525 - Outcomes Following Ultrasound-Guided Percutaneous Cryoneurolysis for the Treatment of Spasticity

Design: Retrospective chart review

Setting: Neurorehabilitation Outpatient Clinic

Participants: Twenty-four patients who underwent cryoneurolysis for treatment of pain associated with spasticity from February 2024 to June 2025 were reviewed

Interventions: All patients (n=24) underwent a diagnostic lidocaine injection and subsequent cryoneurolysis of upper and/or lower extremity nerves.

Main Outcome Measures:
Baseline and follow-up ( >3 months) spasticity assessed with the Modified Ashworth Scale (MAS).
Patient-reported outcomes documented >3 months after cryoneurolysis, including changes in function, pain or side effects.

Results:

Baseline and follow-up MAS was available for 19 patients and showed statistically significant improvement from a median baseline of 3 (IQR 1.5) to follow-up of 1+ (IQR 1; W = 7, P < 0.05).
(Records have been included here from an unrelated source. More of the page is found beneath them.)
lemma integrable_mult_bounded:
  fixes q h :: "'a \<Rightarrow> real"
  assumes "integrable M q" "h \<in> borel_measurable M" "\<And>z. z \<in> space M \<Longrightarrow> \<bar>h z\<bar> \<le> B"
  shows "integrable M (\<lambda>z. q z * h z)"
proof (rule Bochner_Integration.integrable_bound)
  show "integrable M (\<lambda>z. B * \<bar>q z\<bar>)"
    using assms(1) by auto
  show "(\<lambda>z. q z * h z) \<in> borel_measurable M"
    using assms(1,2) by measurable
  show "AE z in M. norm (q z * h z) \<le> norm (B * \<bar>q z\<bar>)"
  proof (rule AE_I2)
    fix z assume "z \<in> space M"
    then have "\<bar>h z\<bar> \<le> \<bar>B\<bar>"
      using assms(3) by (meson abs_ge_self order_trans)
    then show "norm (q z * h z) \<le> norm (B * \<bar>q z\<bar>)"
      by (simp add: abs_mult mult.commute mult_right_mono)
  qed
qed

lemma prob_density_kernel_mixture:
  fixes p :: "'a \<Rightarrow> real" and Q :: "'a \<Rightarrow> 'b \<Rightarrow> real"
  assumes M: "sigma_finite_measure M" and N: "sigma_finite_measure N"
    and p: "p \<in> borel_measurable M" "\<And>y. y \<in> space M \<Longrightarrow> 0 \<le> p y" "(\<integral>\<^sup>+y. p y \<partial>M) = 1"
    and Q: "(\<lambda>(y, z). Q y z) \<in> borel_measurable (M \<Otimes>\<^sub>M N)"
      "\<And>y z. y \<in> space M \<Longrightarrow> z \<in> space N \<Longrightarrow> 0 \<le> Q y z"
      "\<And>y. y \<in> space M \<Longrightarrow> (\<integral>\<^sup>+z. Q y z \<partial>N) = 1"
  shows "prob_density N (\<lambda>z. \<integral>y. p y * Q y z \<partial>M)"
proof -
  interpret M: sigma_finite_measure M by (rule M)
  interpret pair_sigma_finite M N by (intro pair_sigma_finite.intro M N)
  note [measurable] = p(1) Q(1)
  have Q_swap[measurable]: "(\<lambda>(z, y). Q y z) \<in> borel_measurable (N \<Otimes>\<^sub>M M)"
    using measurable_pair_swap[OF Q(1)] by (simp add: case_prod_beta')
  define F where "F z = (\<integral>\<^sup>+y. p y * Q y z \<partial>M)" for z
  have [measurable]: "F \<in> borel_measurable N"
    unfolding F_def by measurable
  have "(\<integral>\<^sup>+z. F z \<partial>N) = (\<integral>\<^sup>+y. (\<integral>\<^sup>+z. p y * Q y z \<partial>N) \<partial>M)"
    unfolding F_def by (rule Fubini') measurable
  also have "\<dots> = (\<integral>\<^sup>+y. p y \<partial>M)"
  proof (rule nn_integral_cong)
    fix y assume y: "y \<in> space M"
    have [measurable]: "Q y \<in> borel_measurable N"
      using measurable_compose[OF measurable_Pair1'[OF y] Q(1)] by simp
    have "(\<integral>\<^sup>+z. p y * Q y z \<partial>N) = p y * (\<integral>\<^sup>+z. Q y z \<partial>N)"
      using p(2)[OF y] Q(2)[OF y] by (subst nn_integral_cmult[symmetric]) (auto simp: ennreal_mult intro!: nn_integral_cong)
    then show "(\<integral>\<^sup>+z. p y * Q y z \<partial>N) = p y"
      using Q(3)[OF y] by simp
  qed
  finally have F_one: "(\<integral>\<^sup>+z. F z \<partial>N) = 1"
    using p(3) by simp
  have mixture_eq: "(\<integral>y. p y * Q y z \<partial>M) = enn2real (F z)" if "z \<in> space N" for z
    unfolding F_def using that p(2) Q(2) by (intro integral_eq_nn_integral) auto
  have "AE z in N. F z \<noteq> \<infinity>"
    using F_one by (intro nn_integral_PInf_AE) auto
  then have "(\<integral>\<^sup>+z. (\<integral>y. p y * Q y z \<partial>M) \<partial>N) = (\<integral>\<^sup>+z. F z \<partial>N)"
    by (intro nn_integral_cong_AE) (auto simp: mixture_eq ennreal_enn2real_if)
  then show ?thesis
    using F_one p(2) Q(2) by (intro prob_densityI_nn_integral) (auto intro!: Bochner_Integration.integral_nonneg)
qed

lemma integral_square_deviation_eq:
  fixes p :: "real \<Rightarrow> real"
  assumes p: "prob_density lborel p" and sq: "integrable lborel (\<lambda>y. y\<^sup>2 * p y)"
    and mean: "(\<integral>y. y * p y \<partial>lborel) = m"
  shows "(\<integral>y. (y - c)\<^sup>2 * p y \<partial>lborel) = (\<integral>y. (y - m)\<^sup>2 * p y \<partial>lborel) + (c - m)\<^sup>2"
proof -
  have int_p: "integrable lborel p"
    using p by (simp add: prob_density_def)
  have int_y: "integrable lborel (\<lambda>y. y * p y)"
  proof (rule Bochner_Integration.integrable_bound)
    show "integrable lborel (\<lambda>y. y\<^sup>2 * p y + p y)"
      using sq int_p by simp
    show "AE y in lborel. norm (y * p y) \<le> norm (y\<^sup>2 * p y + p y)"
    proof (rule AE_I2)
      fix y :: real assume y: "y \<in> space lborel"
      have "0 \<le> (\<bar>y\<bar> - 1)\<^sup>2"
        by simp
      then have "\<bar>y\<bar> \<le> y\<^sup>2 + 1"
        by (simp add: power2_eq_square algebra_simps)
      then have "\<bar>y\<bar> * p y \<le> (y\<^sup>2 + 1) * p y"
        using p y by (intro mult_right_mono) (auto simp: prob_density_def)
      then show "norm (y * p y) \<le> norm (y\<^sup>2 * p y + p y)"
        using p y by (simp add: prob_density_def abs_mult algebra_simps)
    qed
  qed (use borel_measurable_integrable[OF int_p] in measurable)
  have second_moment: "(\<integral>y. (y - c)\<^sup>2 * p y \<partial>lborel) = (\<integral>y. y\<^sup>2 * p y \<partial>lborel) - 2 * c * m + c\<^sup>2" for c
  proof -
    have "(\<lambda>y. (y - c)\<^sup>2 * p y) = (\<lambda>y. y\<^sup>2 * p y - 2 * c * (y * p y) + c\<^sup>2 * p y)"
      by (simp add: fun_eq_iff power2_eq_square algebra_simps)
    then show ?thesis
      using p sq int_y mean by (simp add: prob_density_def)
  qed
  show ?thesis
    unfolding second_moment by (simp add: power2_eq_square algebra_simps)
qed

section \<open>Pinsker's inequality\<close>

lemma ln_ge_rational_bound:
  fixes u :: real
  assumes "0 < u"
  shows "(u - 1) * (5 * u + 1) / (2 * u * (u + 2)) \<le> ln u"
proof -
  define k where "k v = ln v - (v - 1) * (5 * v + 1) / (2 * v * (v + 2))" for v :: real
  have k_deriv: "(k has_real_derivative (v - 1) ^ 3 / (v\<^sup>2 * (v + 2)\<^sup>2)) (at v)" if "0 < v" for v
  proof -
    have "(k has_real_derivative 1 / v - ((5 * v + 1 + (v - 1) * 5) * (2 * v * (v + 2))
        - (v - 1) * (5 * v + 1) * (2 * (v + 2) + 2 * v)) / (2 * v * (v + 2))\<^sup>2) (at v)"
      unfolding k_def[abs_def] using that
      by (auto intro!: derivative_eq_intros simp: power2_eq_square)
    moreover have "1 / v - ((5 * v + 1 + (v - 1) * 5) * (2 * v * (v + 2))
        - (v - 1) * (5 * v + 1) * (2 * (v + 2) + 2 * v)) / (2 * v * (v + 2))\<^sup>2
        = (v - 1) ^ 3 / (v\<^sup>2 * (v + 2)\<^sup>2)"
      using that by (simp add: divide_simps power2_eq_square power3_eq_cube) (simp add: algebra_simps)
    ultimately show ?thesis
      by simp
  qed
  have k_cont: "continuous_on {a..b} k" if "0 < a" for a b
    using that by (intro continuous_at_imp_continuous_on ballI DERIV_isCont[OF k_deriv]) auto
  have "k 1 \<le> k u"
  proof (cases "1 \<le> u")
    case True
    show ?thesis
    proof (rule DERIV_nonneg_imp_increasing_open[OF True _ k_cont])
      fix v :: real assume "1 < v" "v < u"
      then show "\<exists>y. (k has_real_derivative y) (at v) \<and> 0 \<le> y"
        using k_deriv[of v] by (intro exI[of _ "(v - 1) ^ 3 / (v\<^sup>2 * (v + 2)\<^sup>2)"]) auto
    qed simp
  next
    case False
    show ?thesis
    proof (rule DERIV_nonpos_imp_decreasing_open[of u 1 k, OF _ _ k_cont[OF assms]])
      fix v :: real assume "u < v" "v < 1"
      then show "\<exists>y. (k has_real_derivative y) (at v) \<and> y \<le> 0"
        using assms k_deriv[of v]
        by (intro exI[of _ "(v - 1) ^ 3 / (v\<^sup>2 * (v + 2)\<^sup>2)"]) (auto simp: divide_nonpos_nonneg)
    qed (use False in simp)
  qed
  then show ?thesis
    by (simp add: k_def)
qed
Timed Up & Go (TUGs) assessments were available for five patients and did not reveal a significant difference post-intervention (baseline TUG 31s vs s/p cryoneurolysis 20s, p=0.14). Subjective functional improvements were reported in 18 patients (94%, n=21) and pain relief was noted in 16 patients (81%) at follow-ups. Side effects included pain, dysesthesias, and weakness.  

Conclusions:

Ultrasound-guided percutaneous cryoneurolysis is an emerging and innovative intervention that has shown promise in the treatment of spasticity. In this study, patients achieved significant improvements in MAS three months post-intervention along with subjective improvements in function and pain with minimal side effects. Cryoneurolysis may provide a promising adjuvant treatment for spasticity or alternative for cases refractory to current standard of care.